我无法使用带有Hive的大象鸟4.14反序列化已在其中重复字符串的protobuf数据。这似乎是因为重复字符串功能仅在Protobuf 2.6中可用,而在Protobuf 2.5中不可用。在AWS EMR集群中运行我的配置单元查询时,它使用与AWS Hive bundle 在一起的Protobuf 2.5。即使在显式添加Protobuf 2.6 jar之后,我也无法摆脱此错误。我想知道如何使配置单元使用我明确添加的Protobuf 2.6 jar。
以下是使用的配置单元查询:
add jar s3://gam.test/hive-jars/protobuf-java-2.6.1.jar;
add jar s3://gam.test/hive-jars/GAMDataModel-1.0.jar;
add jar s3://gam.test/hive-jars/GAMCoreModel-1.0.jar;
add jar s3://gam.test/hive-jars/GAMAccessLayer-1.1.jar;
add jar s3://gam.test/hive-jars/RodbHiveStorageHandler-0.12.0-jarjar-final.jar;
add jar s3://gam.test/hive-jars/elephant-bird-core-4.14.jar;
add jar s3://gam.test/hive-jars/elephant-bird-hive-4.14.jar;
add jar s3://gam.test/hive-jars/elephant-bird-hadoop-compat-4.14.jar;
add jar s3://gam.test/hive-jars/protobuf-java-2.6.1.jar;
add jar s3://gam.test/hive-jars/GamProtoBufHiveDeserializer-1.0-jarjar.jar;
drop table GamRelationRodb;
CREATE EXTERNAL TABLE GamRelationRodb
row format serde "com.amazon.hive.serde.GamProtobufDeserializer"

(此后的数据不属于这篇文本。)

(* Let $n\ge 3$, let $U\subseteq\mathbb{R}^n$ be an open cone, and let $f$ be a smooth function on $U$, homogeneous of degree $d>1$ ($f(\lambda x)=\lambda^d f(x)$ for $\lambda>0$), with $f>0$ and $\det(\partial^2 f/\partial x_i\partial x_j)\ne 0$ on $U$. Give $U$ the pseudo-Riemannian metric $-\frac{1}{d(d-1)}\partial^2 f/\partial x_i\partial x_j$ and $M=\{x\in U:f(x)=1\}$ the restricted metric. Let $x\in M$, let $P$ be a nondegenerate 2-plane in $T_xM$, and let $c>0$. Let $K_M(P)$ be the sectional curvature of $M$ at $P$, and let $K_U(cP)$ be the sectional curvature of $U$ at the point $cx$ on the 2-plane $cP$ (the image of $P$ under the differential of $y\mapsto cy$). Then $$K_U(cP)=\frac{1}{c^d}\Big(K_M(P)+\frac{d^2}{4}\Big).$$ *)

theory Defs
  imports "HOL-Analysis.Analysis"
begin

text \<open>Coordinates: points of R^n are vectors real^'n; a pseudo-Riemannian metric on an
open subset is given by its Gram matrix field G :: real^'n => real^'n^'n.\<close>

definition dpartial :: "'n::finite \<Rightarrow> (real^'n \<Rightarrow> real) \<Rightarrow> real^'n \<Rightarrow> real" where
  "dpartial i f x = deriv (\<lambda>t. f (x + t *\<^sub>R axis i 1)) 0"

fun iter_partial :: "'n::finite list \<Rightarrow> (real^'n \<Rightarrow> real) \<Rightarrow> real^'n \<Rightarrow> real" where
  "iter_partial [] f = f"
| "iter_partial (i # is) f = dpartial i (iter_partial is f)"

definition smooth_on :: "(real^'n::finite) set \<Rightarrow> (real^'n \<Rightarrow> real) \<Rightarrow> bool" where
  "smooth_on U f \<longleftrightarrow> (\<forall>is. iter_partial is f differentiable_on U)"

definition open_cone :: "(real^'n::finite) set \<Rightarrow> bool" where
  "open_cone U \<longleftrightarrow> open U \<and> (\<forall>x\<in>U. \<forall>t::real. t > 0 \<longrightarrow> t *\<^sub>R x \<in> U)"

definition hessian :: "(real^'n::finite \<Rightarrow> real) \<Rightarrow> real^'n \<Rightarrow> real^'n^'n" where
  "hessian f x = (\<chi> i j. dpartial i (dpartial j f) x)"

definition hess_metric :: "real \<Rightarrow> (real^'n::finite \<Rightarrow> real) \<Rightarrow> real^'n \<Rightarrow> real^'n^'n" where
  "hess_metric d f x = (\<chi> i j. - (1 / (d * (d - 1))) * hessian f x $ i $ j)"

definition gform :: "(real^'n::finite \<Rightarrow> real^'n^'n) \<Rightarrow> real^'n \<Rightarrow> real^'n \<Rightarrow> real^'n \<Rightarrow> real" where
  "gform G x u v = (\<Sum>i\<in>UNIV. \<Sum>j\<in>UNIV. u $ i * G x $ i $ j * v $ j)"

text \<open>Christoffel symbols Gamma^l_{jk} of the Levi-Civita connection:
  nabla_{d_j} d_k = sum_l Gamma^l_{jk} d_l.\<close>
definition christoffel :: "(real^'n::finite \<Rightarrow> real^'n^'n) \<Rightarrow> real^'n \<Rightarrow> 'n \<Rightarrow> 'n \<Rightarrow> 'n \<Rightarrow> real" where
  "christoffel G x l j k =
     (\<Sum>m\<in>UNIV. matrix_inv (G x) $ l $ m *
        (dpartial j (\<lambda>y. G y $ m $ k) x + dpartial k (\<lambda>y. G y $ m $ j) x
         - dpartial m (\<lambda>y. G y $ j $ k) x)) / 2"

text \<open>riemann G x l i j k = l-th component of R(d_i,d_j)d_k, where
  R(X,Y)Z = nabla_X nabla_Y Z - nabla_Y nabla_X Z - nabla_[X,Y] Z.\<close>
definition riemann :: "(real^'n::finite \<Rightarrow> real^'n^'n) \<Rightarrow> real^'n \<Rightarrow> 'n \<Rightarrow> 'n \<Rightarrow> 'n \<Rightarrow> 'n \<Rightarrow> real" where
  "riemann G x l i j k =
     dpartial i (\<lambda>y. christoffel G y l j k) x - dpartial j (\<lambda>y. christoffel G y l i k) x
     + (\<Sum>m\<in>UNIV. christoffel G x m j k * christoffel G x l i m
                  - christoffel G x m i k * christoffel G x l j m)"

definition curv_vec :: "(real^'n::finite \<Rightarrow> real^'n^'n) \<Rightarrow> real^'n \<Rightarrow> real^'n \<Rightarrow> real^'n \<Rightarrow> real^'n \<Rightarrow> real^'n" where
  "curv_vec G x X Y Z = (\<chi> l. \<Sum>i\<in>UNIV. \<Sum>j\<in>UNIV. \<Sum>k\<in>UNIV. riemann G x l i j k * X $ i * Y $ j * Z $ k)"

with serdeproperties("serialization.class"=
"com.amazon.gam.rodb.model.RepeatedRelationshipWrapperProto$RepeatedRelationshipWrapper")
STORED BY 'com.amazon.rodb.hadoop.hive.RodbHiveStorageHandler' TBLPROPERTIES
("file.name" = 'GAM_Relationship',"file.path" ='s3://pathtofile/');
select * from GamRelationRodb limit 10;
以下是Protobuf文件的格式:
message RepeatedRelationshipWrapper {
repeated relationship.Relationship relationships = 1;
}
message Relationship {
required RelationshipType type = 1;
repeated string ids = 2;
}
enum RelationshipType {
UKNOWN_RELATIONSHIP_TYPE = 0;
PARENT = 1;
CHILD = 2;
}
下面是运行查询时抛出的运行时异常:
Exception in thread "main" java.lang.NoSuchMethodError: com.google.protobuf.LazyStringList.getUnmodifiableView()Lcom/google/protobuf/LazyStringList;
at com.amazon.gam.model.RelationshipProto$Relationship.<init>(RelationshipProto.java:215)
at com.amazon.gam.model.RelationshipProto$Relationship.<init>(RelationshipProto.java:137)
at com.amazon.gam.model.RelationshipProto$Relationship$1.parsePartialFrom(RelationshipProto.java:239)
at com.amazon.gam.model.RelationshipProto$Relationship$1.parsePartialFrom(RelationshipProto.java:234)
at com.google.protobuf.CodedInputStream.readMessage(CodedInputStream.java:309)
at com.amazon.gam.rodb.model.RepeatedRelationshipWrapperProto$RepeatedRelationshipWrapper.<init>(RepeatedRelationshipWrapperProto.java:126)
at com.amazon.gam.rodb.model.RepeatedRelationshipWrapperProto$RepeatedRelationshipWrapper.<init>(RepeatedRelationshipWrapperProto.java:72)
at com.amazon.gam.rodb.model.RepeatedRelationshipWrapperProto$RepeatedRelationshipWrapper$1.parsePartialFrom(RepeatedRelationshipWrapperProto.java:162)
at com.amazon.gam.rodb.model.RepeatedRelationshipWrapperProto$RepeatedRelationshipWrapper$1.parsePartialFrom(RepeatedRelationshipWrapperProto.java:157)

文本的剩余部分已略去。